How to complete this task -> Up to and including the line with "cval n (maj", please set down the entries below exactly, starting from the first line.

☆ ☆ ☆

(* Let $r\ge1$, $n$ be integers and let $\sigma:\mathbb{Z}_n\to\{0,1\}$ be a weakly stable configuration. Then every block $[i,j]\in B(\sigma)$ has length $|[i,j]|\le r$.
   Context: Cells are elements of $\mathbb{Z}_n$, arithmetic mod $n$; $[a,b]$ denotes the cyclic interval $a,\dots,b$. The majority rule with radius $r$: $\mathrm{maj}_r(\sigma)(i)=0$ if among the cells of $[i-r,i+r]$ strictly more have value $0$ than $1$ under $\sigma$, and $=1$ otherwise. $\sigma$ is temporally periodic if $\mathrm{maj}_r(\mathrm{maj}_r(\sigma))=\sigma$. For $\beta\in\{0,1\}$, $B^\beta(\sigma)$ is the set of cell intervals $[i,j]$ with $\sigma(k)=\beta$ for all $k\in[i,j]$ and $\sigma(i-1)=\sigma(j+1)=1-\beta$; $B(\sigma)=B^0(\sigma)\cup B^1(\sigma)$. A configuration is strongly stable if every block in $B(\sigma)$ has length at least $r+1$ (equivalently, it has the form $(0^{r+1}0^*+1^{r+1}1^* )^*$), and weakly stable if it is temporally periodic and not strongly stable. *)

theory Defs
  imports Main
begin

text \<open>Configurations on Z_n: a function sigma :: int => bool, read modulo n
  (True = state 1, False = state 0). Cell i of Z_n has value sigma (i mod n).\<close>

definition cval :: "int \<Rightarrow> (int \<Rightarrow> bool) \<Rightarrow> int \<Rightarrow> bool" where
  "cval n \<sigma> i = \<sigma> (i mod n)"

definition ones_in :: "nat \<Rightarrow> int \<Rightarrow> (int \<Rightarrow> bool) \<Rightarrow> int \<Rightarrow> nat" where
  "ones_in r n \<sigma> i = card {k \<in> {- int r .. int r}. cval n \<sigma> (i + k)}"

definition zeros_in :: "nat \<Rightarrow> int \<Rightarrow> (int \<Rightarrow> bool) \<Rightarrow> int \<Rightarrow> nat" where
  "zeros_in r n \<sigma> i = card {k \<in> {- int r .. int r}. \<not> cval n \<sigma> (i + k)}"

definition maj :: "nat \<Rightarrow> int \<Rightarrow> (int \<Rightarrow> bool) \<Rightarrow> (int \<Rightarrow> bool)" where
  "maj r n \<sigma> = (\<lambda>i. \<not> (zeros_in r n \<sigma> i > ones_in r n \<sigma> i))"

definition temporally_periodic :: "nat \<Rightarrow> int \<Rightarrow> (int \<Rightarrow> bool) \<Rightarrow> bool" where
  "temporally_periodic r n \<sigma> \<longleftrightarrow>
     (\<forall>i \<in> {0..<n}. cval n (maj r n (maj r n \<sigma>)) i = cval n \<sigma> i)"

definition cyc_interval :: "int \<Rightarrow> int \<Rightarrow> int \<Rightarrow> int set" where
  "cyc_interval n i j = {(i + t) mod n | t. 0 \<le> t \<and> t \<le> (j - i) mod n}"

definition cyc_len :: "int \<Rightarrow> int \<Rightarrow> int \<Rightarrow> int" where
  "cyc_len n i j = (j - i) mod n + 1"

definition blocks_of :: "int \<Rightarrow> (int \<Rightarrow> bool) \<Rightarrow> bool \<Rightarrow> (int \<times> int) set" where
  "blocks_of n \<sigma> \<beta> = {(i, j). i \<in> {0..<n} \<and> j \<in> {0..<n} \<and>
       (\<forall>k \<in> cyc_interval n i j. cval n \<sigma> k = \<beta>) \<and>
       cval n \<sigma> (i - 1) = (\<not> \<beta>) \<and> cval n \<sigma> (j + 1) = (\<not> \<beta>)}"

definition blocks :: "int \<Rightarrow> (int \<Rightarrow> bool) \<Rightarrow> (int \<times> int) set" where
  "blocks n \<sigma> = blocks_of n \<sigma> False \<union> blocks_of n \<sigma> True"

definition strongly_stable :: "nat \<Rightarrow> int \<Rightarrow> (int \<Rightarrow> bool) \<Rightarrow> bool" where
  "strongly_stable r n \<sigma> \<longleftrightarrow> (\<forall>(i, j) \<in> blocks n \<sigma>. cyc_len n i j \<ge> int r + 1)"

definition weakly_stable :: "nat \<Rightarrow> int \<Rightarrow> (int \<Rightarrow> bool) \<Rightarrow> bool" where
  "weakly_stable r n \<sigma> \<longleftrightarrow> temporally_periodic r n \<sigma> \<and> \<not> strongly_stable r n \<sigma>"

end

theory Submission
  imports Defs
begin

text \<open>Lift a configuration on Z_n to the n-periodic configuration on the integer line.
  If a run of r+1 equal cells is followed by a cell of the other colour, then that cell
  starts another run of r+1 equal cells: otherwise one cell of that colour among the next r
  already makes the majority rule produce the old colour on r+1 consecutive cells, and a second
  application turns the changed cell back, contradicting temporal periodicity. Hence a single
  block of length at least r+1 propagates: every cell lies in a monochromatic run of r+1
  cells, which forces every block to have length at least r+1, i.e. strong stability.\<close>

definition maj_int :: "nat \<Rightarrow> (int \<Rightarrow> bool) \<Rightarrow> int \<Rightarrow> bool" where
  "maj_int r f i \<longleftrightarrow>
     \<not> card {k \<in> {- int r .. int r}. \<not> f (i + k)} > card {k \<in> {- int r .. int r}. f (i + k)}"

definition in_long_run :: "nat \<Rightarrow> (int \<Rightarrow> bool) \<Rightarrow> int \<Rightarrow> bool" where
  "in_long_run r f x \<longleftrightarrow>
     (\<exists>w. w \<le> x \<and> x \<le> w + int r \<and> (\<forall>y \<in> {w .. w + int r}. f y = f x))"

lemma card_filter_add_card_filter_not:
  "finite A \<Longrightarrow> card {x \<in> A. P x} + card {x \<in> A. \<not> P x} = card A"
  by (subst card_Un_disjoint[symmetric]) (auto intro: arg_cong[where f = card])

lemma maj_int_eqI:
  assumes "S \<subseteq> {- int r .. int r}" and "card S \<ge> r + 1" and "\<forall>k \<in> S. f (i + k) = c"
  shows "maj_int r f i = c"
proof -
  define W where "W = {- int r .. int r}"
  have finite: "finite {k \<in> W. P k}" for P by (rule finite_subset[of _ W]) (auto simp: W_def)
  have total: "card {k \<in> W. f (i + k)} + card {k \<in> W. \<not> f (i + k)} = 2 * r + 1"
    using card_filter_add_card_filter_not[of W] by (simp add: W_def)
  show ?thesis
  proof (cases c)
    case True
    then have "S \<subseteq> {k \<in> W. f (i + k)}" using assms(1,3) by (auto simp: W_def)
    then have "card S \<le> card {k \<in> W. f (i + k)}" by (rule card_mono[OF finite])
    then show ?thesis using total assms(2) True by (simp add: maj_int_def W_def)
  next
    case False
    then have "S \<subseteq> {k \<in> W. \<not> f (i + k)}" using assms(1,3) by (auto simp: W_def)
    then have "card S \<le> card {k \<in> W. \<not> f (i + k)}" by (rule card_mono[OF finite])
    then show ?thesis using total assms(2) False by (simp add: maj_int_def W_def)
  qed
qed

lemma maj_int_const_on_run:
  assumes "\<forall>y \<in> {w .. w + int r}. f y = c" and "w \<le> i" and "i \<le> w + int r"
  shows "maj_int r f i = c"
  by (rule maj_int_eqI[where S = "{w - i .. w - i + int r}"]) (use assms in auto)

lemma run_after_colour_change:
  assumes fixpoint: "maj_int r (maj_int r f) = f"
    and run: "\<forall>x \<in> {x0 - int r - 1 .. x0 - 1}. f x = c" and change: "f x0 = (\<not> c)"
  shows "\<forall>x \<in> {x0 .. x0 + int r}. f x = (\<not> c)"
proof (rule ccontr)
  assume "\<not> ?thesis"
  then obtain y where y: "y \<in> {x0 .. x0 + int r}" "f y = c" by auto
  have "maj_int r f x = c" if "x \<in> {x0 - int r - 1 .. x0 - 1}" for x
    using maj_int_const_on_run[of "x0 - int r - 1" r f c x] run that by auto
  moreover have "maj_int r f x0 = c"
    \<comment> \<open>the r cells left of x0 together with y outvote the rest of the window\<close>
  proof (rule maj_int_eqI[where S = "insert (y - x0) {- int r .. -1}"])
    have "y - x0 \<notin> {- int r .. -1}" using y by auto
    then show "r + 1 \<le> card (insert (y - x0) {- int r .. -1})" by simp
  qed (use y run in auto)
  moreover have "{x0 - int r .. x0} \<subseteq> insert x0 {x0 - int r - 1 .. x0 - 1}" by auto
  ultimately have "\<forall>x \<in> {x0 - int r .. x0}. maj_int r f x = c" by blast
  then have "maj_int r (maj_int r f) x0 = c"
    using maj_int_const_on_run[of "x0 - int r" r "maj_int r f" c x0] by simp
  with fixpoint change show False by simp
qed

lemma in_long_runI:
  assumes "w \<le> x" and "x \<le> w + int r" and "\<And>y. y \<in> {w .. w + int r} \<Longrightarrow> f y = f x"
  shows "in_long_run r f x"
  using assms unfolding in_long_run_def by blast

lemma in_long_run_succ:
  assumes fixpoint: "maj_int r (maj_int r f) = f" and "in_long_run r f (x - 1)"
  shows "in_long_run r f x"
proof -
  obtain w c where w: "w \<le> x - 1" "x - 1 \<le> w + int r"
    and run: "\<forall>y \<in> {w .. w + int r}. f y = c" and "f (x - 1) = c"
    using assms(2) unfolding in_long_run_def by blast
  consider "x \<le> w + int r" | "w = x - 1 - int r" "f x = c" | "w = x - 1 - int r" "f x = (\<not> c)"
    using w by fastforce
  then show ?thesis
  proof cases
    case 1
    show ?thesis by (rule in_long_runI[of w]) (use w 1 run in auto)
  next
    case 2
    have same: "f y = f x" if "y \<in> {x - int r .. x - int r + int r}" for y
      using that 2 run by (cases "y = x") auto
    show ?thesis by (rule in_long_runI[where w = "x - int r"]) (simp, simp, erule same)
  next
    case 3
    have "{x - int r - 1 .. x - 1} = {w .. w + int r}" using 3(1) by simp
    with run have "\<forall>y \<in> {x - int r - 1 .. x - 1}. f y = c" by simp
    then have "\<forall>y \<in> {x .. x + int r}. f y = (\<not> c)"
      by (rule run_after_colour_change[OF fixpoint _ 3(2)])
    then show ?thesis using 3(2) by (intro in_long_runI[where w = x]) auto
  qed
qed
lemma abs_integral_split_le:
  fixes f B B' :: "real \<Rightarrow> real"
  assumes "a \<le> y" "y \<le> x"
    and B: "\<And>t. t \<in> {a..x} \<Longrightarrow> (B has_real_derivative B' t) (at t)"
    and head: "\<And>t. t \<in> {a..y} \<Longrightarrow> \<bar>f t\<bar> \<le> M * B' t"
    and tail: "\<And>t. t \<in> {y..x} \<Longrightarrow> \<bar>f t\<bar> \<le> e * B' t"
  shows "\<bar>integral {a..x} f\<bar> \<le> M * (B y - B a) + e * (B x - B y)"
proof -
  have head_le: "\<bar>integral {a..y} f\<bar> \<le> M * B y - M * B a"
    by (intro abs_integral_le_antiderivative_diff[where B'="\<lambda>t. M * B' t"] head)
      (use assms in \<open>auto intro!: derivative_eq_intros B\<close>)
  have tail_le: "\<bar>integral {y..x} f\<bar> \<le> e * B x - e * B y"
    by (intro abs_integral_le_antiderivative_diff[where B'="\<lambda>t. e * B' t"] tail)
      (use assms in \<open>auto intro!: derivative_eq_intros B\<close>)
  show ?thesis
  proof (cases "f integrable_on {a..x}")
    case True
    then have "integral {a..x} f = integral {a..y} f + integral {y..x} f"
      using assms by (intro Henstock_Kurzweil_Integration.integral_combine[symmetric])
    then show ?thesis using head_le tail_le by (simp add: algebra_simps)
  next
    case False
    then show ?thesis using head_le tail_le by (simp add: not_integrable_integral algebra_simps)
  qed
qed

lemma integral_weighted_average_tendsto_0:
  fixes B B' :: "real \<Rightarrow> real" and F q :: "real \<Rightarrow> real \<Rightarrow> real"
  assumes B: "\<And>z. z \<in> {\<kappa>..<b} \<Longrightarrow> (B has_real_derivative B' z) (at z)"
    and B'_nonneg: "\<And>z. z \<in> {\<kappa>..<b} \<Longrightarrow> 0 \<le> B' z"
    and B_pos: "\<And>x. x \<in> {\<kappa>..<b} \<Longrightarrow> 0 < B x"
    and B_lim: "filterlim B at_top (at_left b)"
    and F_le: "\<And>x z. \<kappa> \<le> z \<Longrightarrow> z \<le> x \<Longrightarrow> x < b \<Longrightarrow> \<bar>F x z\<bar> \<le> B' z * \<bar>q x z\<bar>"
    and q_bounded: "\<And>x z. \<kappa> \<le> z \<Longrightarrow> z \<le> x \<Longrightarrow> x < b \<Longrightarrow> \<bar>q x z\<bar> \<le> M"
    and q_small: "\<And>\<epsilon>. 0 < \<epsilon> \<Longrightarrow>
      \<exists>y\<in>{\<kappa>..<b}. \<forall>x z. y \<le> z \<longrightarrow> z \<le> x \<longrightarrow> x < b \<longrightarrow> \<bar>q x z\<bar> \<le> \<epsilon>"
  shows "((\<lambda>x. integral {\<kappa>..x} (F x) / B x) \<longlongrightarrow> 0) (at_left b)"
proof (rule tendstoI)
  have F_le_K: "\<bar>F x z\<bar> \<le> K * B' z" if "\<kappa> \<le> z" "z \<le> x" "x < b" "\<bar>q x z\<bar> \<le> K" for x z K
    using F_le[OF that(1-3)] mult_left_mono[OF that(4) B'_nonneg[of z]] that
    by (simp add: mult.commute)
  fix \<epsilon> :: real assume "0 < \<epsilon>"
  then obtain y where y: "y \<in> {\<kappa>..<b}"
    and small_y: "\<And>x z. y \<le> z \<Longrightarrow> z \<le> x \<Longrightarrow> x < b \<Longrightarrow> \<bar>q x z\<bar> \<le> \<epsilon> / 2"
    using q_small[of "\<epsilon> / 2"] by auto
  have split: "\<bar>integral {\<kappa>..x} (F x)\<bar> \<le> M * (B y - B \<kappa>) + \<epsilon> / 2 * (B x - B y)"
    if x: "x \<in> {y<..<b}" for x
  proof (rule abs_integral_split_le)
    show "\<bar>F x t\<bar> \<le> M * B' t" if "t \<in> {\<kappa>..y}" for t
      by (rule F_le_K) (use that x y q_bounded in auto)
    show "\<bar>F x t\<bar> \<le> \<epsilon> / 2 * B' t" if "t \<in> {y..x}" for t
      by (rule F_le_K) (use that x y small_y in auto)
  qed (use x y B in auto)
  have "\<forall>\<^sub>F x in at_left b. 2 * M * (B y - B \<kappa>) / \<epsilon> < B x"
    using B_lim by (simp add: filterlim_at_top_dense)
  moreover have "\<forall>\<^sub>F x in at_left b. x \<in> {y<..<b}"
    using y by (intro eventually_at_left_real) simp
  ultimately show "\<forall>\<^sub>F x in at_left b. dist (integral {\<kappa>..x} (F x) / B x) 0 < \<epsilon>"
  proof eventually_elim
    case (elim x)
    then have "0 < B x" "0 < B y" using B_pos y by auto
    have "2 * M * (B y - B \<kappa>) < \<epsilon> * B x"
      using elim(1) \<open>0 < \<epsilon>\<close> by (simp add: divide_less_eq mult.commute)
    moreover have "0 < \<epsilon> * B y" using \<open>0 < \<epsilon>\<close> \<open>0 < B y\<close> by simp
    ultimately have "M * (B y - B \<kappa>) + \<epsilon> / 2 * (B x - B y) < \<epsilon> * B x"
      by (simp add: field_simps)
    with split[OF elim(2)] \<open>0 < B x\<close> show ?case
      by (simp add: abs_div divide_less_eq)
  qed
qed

☆ ☆ ☆

Task response ->
(* Let $r\ge1$, $n$ be integers and let $\sigma:\mathbb{Z}_n\to\{0,1\}$ be a weakly stable configuration. Then every block $[i,j]\in B(\sigma)$ has length $|[i,j]|\le r$.
   Context: Cells are elements of $\mathbb{Z}_n$, arithmetic mod $n$; $[a,b]$ denotes the cyclic interval $a,\dots,b$. The majority rule with radius $r$: $\mathrm{maj}_r(\sigma)(i)=0$ if among the cells of $[i-r,i+r]$ strictly more have value $0$ than $1$ under $\sigma$, and $=1$ otherwise. $\sigma$ is temporally periodic if $\mathrm{maj}_r(\mathrm{maj}_r(\sigma))=\sigma$. For $\beta\in\{0,1\}$, $B^\beta(\sigma)$ is the set of cell intervals $[i,j]$ with $\sigma(k)=\beta$ for all $k\in[i,j]$ and $\sigma(i-1)=\sigma(j+1)=1-\beta$; $B(\sigma)=B^0(\sigma)\cup B^1(\sigma)$. A configuration is strongly stable if every block in $B(\sigma)$ has length at least $r+1$ (equivalently, it has the form $(0^{r+1}0^*+1^{r+1}1^* )^*$), and weakly stable if it is temporally periodic and not strongly stable. *)

theory Defs
  imports Main
begin

text \<open>Configurations on Z_n: a function sigma :: int => bool, read modulo n
  (True = state 1, False = state 0). Cell i of Z_n has value sigma (i mod n).\<close>

definition cval :: "int \<Rightarrow> (int \<Rightarrow> bool) \<Rightarrow> int \<Rightarrow> bool" where
  "cval n \<sigma> i = \<sigma> (i mod n)"

definition ones_in :: "nat \<Rightarrow> int \<Rightarrow> (int \<Rightarrow> bool) \<Rightarrow> int \<Rightarrow> nat" where
  "ones_in r n \<sigma> i = card {k \<in> {- int r .. int r}. cval n \<sigma> (i + k)}"

definition zeros_in :: "nat \<Rightarrow> int \<Rightarrow> (int \<Rightarrow> bool) \<Rightarrow> int \<Rightarrow> nat" where
  "zeros_in r n \<sigma> i = card {k \<in> {- int r .. int r}. \<not> cval n \<sigma> (i + k)}"

definition maj :: "nat \<Rightarrow> int \<Rightarrow> (int \<Rightarrow> bool) \<Rightarrow> (int \<Rightarrow> bool)" where
  "maj r n \<sigma> = (\<lambda>i. \<not> (zeros_in r n \<sigma> i > ones_in r n \<sigma> i))"

definition temporally_periodic :: "nat \<Rightarrow> int \<Rightarrow> (int \<Rightarrow> bool) \<Rightarrow> bool" where
  "temporally_periodic r n \<sigma> \<longleftrightarrow>
     (\<forall>i \<in> {0..<n}. cval n (maj r n (maj r n \<sigma>)) i = cval n \<sigma> i)"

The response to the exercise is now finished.